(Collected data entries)
┄┄┄┄┄┄
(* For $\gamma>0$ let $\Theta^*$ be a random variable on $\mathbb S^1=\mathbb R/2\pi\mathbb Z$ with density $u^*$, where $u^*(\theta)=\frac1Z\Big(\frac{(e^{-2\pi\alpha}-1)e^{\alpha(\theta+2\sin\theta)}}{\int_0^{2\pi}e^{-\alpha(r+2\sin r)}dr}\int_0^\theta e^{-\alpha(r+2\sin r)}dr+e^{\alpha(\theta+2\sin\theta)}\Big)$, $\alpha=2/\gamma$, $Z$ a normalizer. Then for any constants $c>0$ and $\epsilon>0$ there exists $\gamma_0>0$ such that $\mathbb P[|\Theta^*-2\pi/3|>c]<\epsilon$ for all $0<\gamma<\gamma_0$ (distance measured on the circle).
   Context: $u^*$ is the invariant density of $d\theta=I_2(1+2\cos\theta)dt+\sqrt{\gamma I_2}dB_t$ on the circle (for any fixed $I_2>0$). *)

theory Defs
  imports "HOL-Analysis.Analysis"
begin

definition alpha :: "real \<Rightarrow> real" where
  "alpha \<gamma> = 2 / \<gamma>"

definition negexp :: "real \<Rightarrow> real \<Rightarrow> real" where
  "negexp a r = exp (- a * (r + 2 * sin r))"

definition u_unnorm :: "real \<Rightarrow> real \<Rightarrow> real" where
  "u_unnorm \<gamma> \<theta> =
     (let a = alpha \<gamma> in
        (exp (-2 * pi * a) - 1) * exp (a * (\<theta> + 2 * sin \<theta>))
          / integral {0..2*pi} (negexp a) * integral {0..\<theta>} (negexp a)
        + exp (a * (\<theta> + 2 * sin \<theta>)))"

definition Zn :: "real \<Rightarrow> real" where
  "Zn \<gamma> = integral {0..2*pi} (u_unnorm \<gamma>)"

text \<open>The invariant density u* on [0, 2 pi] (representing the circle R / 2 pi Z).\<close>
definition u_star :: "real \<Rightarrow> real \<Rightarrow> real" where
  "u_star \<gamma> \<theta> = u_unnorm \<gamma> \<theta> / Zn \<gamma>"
┄┄┄┄┄┄
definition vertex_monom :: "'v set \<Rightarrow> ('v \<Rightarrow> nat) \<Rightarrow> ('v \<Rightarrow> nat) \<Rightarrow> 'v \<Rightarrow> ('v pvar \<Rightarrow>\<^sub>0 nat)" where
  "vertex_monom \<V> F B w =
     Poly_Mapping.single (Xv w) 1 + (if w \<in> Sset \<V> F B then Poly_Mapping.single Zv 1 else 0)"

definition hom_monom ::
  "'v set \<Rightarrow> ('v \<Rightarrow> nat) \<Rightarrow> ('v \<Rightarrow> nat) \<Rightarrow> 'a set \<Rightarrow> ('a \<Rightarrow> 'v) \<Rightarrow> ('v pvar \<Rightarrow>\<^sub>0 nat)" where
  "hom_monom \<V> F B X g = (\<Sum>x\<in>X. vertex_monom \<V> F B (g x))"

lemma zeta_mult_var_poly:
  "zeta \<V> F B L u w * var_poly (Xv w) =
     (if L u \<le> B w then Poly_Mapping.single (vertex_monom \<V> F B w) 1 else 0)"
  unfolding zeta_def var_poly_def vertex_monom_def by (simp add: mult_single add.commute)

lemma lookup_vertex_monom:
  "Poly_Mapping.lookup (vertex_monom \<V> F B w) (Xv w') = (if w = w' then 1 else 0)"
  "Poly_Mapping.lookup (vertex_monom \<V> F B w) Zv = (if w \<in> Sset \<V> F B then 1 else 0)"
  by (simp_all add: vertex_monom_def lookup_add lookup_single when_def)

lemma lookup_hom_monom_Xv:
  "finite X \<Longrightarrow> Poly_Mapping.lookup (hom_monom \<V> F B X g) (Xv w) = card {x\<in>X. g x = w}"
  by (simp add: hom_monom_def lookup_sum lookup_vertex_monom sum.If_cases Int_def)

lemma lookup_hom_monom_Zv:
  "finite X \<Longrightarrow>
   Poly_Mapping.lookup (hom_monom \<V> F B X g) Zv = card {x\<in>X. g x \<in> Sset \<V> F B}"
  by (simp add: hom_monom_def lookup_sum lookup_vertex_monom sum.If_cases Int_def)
┄┄┄┄┄┄
WHAT THIS TASK INVOLVES: Repeat, exactly as they stand above, the lines from the line with "Poly_Mapping.single (Xv w)" to the line with "nat) \<Rightarrow> 'a", both lines included.

REPLY:
     Poly_Mapping.single (Xv w) 1 + (if w \<in> Sset \<V> F B then Poly_Mapping.single Zv 1 else 0)"

definition hom_monom ::
  "'v set \<Rightarrow> ('v \<Rightarrow> nat) \<Rightarrow> ('v \<Rightarrow> nat) \<Rightarrow> 'a set \<Rightarrow> ('a \<Rightarrow> 'v) \<Rightarrow> ('v pvar \<Rightarrow>\<^sub>0 nat)" where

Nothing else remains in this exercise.